[Stored items]
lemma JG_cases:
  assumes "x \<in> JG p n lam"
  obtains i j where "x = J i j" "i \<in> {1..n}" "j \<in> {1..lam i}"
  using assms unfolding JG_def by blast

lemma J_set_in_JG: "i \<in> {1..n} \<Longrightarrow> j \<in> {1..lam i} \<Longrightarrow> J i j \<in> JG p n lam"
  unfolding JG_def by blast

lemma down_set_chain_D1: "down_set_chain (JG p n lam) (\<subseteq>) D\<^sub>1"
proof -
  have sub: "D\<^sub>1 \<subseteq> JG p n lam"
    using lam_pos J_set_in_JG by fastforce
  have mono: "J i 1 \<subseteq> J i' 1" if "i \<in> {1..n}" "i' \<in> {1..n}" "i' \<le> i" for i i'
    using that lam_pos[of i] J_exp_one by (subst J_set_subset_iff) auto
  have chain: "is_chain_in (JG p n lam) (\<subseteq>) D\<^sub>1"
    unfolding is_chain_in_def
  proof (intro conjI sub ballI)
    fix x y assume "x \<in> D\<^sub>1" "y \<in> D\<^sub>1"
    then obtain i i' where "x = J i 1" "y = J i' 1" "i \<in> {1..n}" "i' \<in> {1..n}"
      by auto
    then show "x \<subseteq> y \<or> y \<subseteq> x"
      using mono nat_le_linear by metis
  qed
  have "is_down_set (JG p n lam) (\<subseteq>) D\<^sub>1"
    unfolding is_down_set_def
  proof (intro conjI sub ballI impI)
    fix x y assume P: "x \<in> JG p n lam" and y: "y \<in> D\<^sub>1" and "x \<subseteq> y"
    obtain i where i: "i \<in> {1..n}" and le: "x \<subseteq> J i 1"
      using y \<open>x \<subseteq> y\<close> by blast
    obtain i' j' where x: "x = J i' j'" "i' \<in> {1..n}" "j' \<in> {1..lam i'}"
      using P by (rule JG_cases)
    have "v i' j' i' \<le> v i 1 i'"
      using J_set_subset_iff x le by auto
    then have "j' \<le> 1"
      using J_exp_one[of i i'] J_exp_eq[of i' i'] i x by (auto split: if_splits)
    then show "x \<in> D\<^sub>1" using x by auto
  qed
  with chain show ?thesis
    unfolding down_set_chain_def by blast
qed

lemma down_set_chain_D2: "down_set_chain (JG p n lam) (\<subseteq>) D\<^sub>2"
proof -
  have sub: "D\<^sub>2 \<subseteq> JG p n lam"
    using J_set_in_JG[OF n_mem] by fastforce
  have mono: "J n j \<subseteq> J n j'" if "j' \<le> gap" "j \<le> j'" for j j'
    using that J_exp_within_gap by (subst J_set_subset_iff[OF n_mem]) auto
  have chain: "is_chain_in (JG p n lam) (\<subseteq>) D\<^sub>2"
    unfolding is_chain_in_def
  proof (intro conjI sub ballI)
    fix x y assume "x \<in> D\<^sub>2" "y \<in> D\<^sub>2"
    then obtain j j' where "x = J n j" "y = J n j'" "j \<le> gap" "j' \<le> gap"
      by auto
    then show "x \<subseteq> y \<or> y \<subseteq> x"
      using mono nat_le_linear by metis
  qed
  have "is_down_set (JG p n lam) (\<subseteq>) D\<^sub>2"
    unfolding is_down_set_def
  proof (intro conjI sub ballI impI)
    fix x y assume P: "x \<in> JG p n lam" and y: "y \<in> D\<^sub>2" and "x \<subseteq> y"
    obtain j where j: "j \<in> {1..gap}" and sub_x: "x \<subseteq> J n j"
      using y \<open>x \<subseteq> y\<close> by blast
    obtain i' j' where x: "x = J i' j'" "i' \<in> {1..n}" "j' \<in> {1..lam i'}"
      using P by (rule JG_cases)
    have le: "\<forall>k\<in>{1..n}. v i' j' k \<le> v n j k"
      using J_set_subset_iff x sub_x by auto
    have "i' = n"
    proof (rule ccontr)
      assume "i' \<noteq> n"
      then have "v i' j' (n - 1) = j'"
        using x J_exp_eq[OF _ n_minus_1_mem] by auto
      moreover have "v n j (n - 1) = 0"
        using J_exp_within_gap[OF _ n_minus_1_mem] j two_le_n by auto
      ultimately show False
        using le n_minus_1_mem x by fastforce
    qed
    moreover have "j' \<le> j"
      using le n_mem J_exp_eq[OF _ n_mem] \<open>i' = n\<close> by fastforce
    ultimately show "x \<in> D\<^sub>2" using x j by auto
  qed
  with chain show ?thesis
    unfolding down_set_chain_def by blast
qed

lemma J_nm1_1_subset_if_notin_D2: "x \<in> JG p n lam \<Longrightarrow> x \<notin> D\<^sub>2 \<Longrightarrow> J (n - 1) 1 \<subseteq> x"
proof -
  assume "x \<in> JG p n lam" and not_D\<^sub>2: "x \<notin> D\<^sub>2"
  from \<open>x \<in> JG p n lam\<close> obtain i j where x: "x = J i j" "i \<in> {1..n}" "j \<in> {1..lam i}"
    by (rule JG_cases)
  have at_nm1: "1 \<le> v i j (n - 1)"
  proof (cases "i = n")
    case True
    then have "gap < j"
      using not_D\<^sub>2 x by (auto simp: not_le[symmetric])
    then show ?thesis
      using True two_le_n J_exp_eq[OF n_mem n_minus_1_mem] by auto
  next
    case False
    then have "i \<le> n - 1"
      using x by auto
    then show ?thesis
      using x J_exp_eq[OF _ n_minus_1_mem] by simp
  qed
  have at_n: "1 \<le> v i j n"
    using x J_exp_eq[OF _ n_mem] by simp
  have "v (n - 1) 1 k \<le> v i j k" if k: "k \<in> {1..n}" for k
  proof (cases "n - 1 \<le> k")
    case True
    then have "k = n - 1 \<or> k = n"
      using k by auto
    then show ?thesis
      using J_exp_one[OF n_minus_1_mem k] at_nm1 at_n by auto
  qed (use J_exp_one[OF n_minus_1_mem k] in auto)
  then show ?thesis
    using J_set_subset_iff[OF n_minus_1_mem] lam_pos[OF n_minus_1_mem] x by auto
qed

• **WHAT THIS TASK INVOLVES**
Exactly what appears above must be set down again in full.

• **REPLY TO THE TASK**
lemma JG_cases:
  assumes "x \<in> JG p n lam"
  obtains i j where "x = J i j" "i \<in> {1..n}" "j \<in> {1..lam i}"
  using assms unfolding JG_def by blast

lemma J_set_in_JG: "i \<in> {1..n} \<Longrightarrow> j \<in> {1..lam i} \<Longrightarrow> J i j \<in> JG p n lam"
  unfolding JG_def by blast

lemma down_set_chain_D1: "down_set_chain (JG p n lam) (\<subseteq>) D\<^sub>1"
proof -
  have sub: "D\<^sub>1 \<subseteq> JG p n lam"
    using lam_pos J_set_in_JG by fastforce
  have mono: "J i 1 \<subseteq> J i' 1" if "i \<in> {1..n}" "i' \<in> {1..n}" "i' \<le> i" for i i'
    using that lam_pos[of i] J_exp_one by (subst J_set_subset_iff) auto
  have chain: "is_chain_in (JG p n lam) (\<subseteq>) D\<^sub>1"
    unfolding is_chain_in_def
  proof (intro conjI sub ballI)
    fix x y assume "x \<in> D\<^sub>1" "y \<in> D\<^sub>1"
    then obtain i i' where "x = J i 1" "y = J i' 1" "i \<in> {1..n}" "i' \<in> {1..n}"
      by auto
    then show "x \<subseteq> y \<or> y \<subseteq> x"
      using mono nat_le_linear by metis
  qed
  have "is_down_set (JG p n lam) (\<subseteq>) D\<^sub>1"
    unfolding is_down_set_def
  proof (intro conjI sub ballI impI)
    fix x y assume P: "x \<in> JG p n lam" and y: "y \<in> D\<^sub>1" and "x \<subseteq> y"
    obtain i where i: "i \<in> {1..n}" and le: "x \<subseteq> J i 1"
      using y \<open>x \<subseteq> y\<close> by blast
    obtain i' j' where x: "x = J i' j'" "i' \<in> {1..n}" "j' \<in> {1..lam i'}"
      using P by (rule JG_cases)
    have "v i' j' i' \<le> v i 1 i'"
      using J_set_subset_iff x le by auto
    then have "j' \<le> 1"
      using J_exp_one[of i i'] J_exp_eq[of i' i'] i x by (auto split: if_splits)
    then show "x \<in> D\<^sub>1" using x by auto
  qed
  with chain show ?thesis
    unfolding down_set_chain_def by blast
qed

lemma down_set_chain_D2: "down_set_chain (JG p n lam) (\<subseteq>) D\<^sub>2"
proof -
  have sub: "D\<^sub>2 \<subseteq> JG p n lam"
    using J_set_in_JG[OF n_mem] by fastforce
  have mono: "J n j \<subseteq> J n j'" if "j' \<le> gap" "j \<le> j'" for j j'
    using that J_exp_within_gap by (subst J_set_subset_iff[OF n_mem]) auto
  have chain: "is_chain_in (JG p n lam) (\<subseteq>) D\<^sub>2"
    unfolding is_chain_in_def
  proof (intro conjI sub ballI)
    fix x y assume "x \<in> D\<^sub>2" "y \<in> D\<^sub>2"
    then obtain j j' where "x = J n j" "y = J n j'" "j \<le> gap" "j' \<le> gap"
      by auto
    then show "x \<subseteq> y \<or> y \<subseteq> x"
      using mono nat_le_linear by metis
  qed
  have "is_down_set (JG p n lam) (\<subseteq>) D\<^sub>2"
    unfolding is_down_set_def
  proof (intro conjI sub ballI impI)
    fix x y assume P: "x \<in> JG p n lam" and y: "y \<in> D\<^sub>2" and "x \<subseteq> y"
    obtain j where j: "j \<in> {1..gap}" and sub_x: "x \<subseteq> J n j"
      using y \<open>x \<subseteq> y\<close> by blast
    obtain i' j' where x: "x = J i' j'" "i' \<in> {1..n}" "j' \<in> {1..lam i'}"
      using P by (rule JG_cases)
    have le: "\<forall>k\<in>{1..n}. v i' j' k \<le> v n j k"
      using J_set_subset_iff x sub_x by auto
    have "i' = n"
    proof (rule ccontr)
      assume "i' \<noteq> n"
      then have "v i' j' (n - 1) = j'"
        using x J_exp_eq[OF _ n_minus_1_mem] by auto
      moreover have "v n j (n - 1) = 0"
        using J_exp_within_gap[OF _ n_minus_1_mem] j two_le_n by auto
      ultimately show False
        using le n_minus_1_mem x by fastforce
    qed
    moreover have "j' \<le> j"
      using le n_mem J_exp_eq[OF _ n_mem] \<open>i' = n\<close> by fastforce
    ultimately show "x \<in> D\<^sub>2" using x j by auto
  qed
  with chain show ?thesis
    unfolding down_set_chain_def by blast
qed

lemma J_nm1_1_subset_if_notin_D2: "x \<in> JG p n lam \<Longrightarrow> x \<notin> D\<^sub>2 \<Longrightarrow> J (n - 1) 1 \<subseteq> x"
proof -
  assume "x \<in> JG p n lam" and not_D\<^sub>2: "x \<notin> D\<^sub>2"
  from \<open>x \<in> JG p n lam\<close> obtain i j where x: "x = J i j" "i \<in> {1..n}" "j \<in> {1..lam i}"
    by (rule JG_cases)
  have at_nm1: "1 \<le> v i j (n - 1)"
  proof (cases "i = n")
    case True
    then have "gap < j"
      using not_D\<^sub>2 x by (auto simp: not_le[symmetric])
    then show ?thesis
      using True two_le_n J_exp_eq[OF n_mem n_minus_1_mem] by auto
  next
    case False
    then have "i \<le> n - 1"
      using x by auto
    then show ?thesis
      using x J_exp_eq[OF _ n_minus_1_mem] by simp
  qed
  have at_n: "1 \<le> v i j n"
    using x J_exp_eq[OF _ n_mem] by simp
  have "v (n - 1) 1 k \<le> v i j k" if k: "k \<in> {1..n}" for k
  proof (cases "n - 1 \<le> k")
    case True
    then have "k = n - 1 \<or> k = n"
      using k by auto
    then show ?thesis
      using J_exp_one[OF n_minus_1_mem k] at_nm1 at_n by auto
  qed (use J_exp_one[OF n_minus_1_mem k] in auto)
  then show ?thesis
    using J_set_subset_iff[OF n_minus_1_mem] lam_pos[OF n_minus_1_mem] x by auto
qed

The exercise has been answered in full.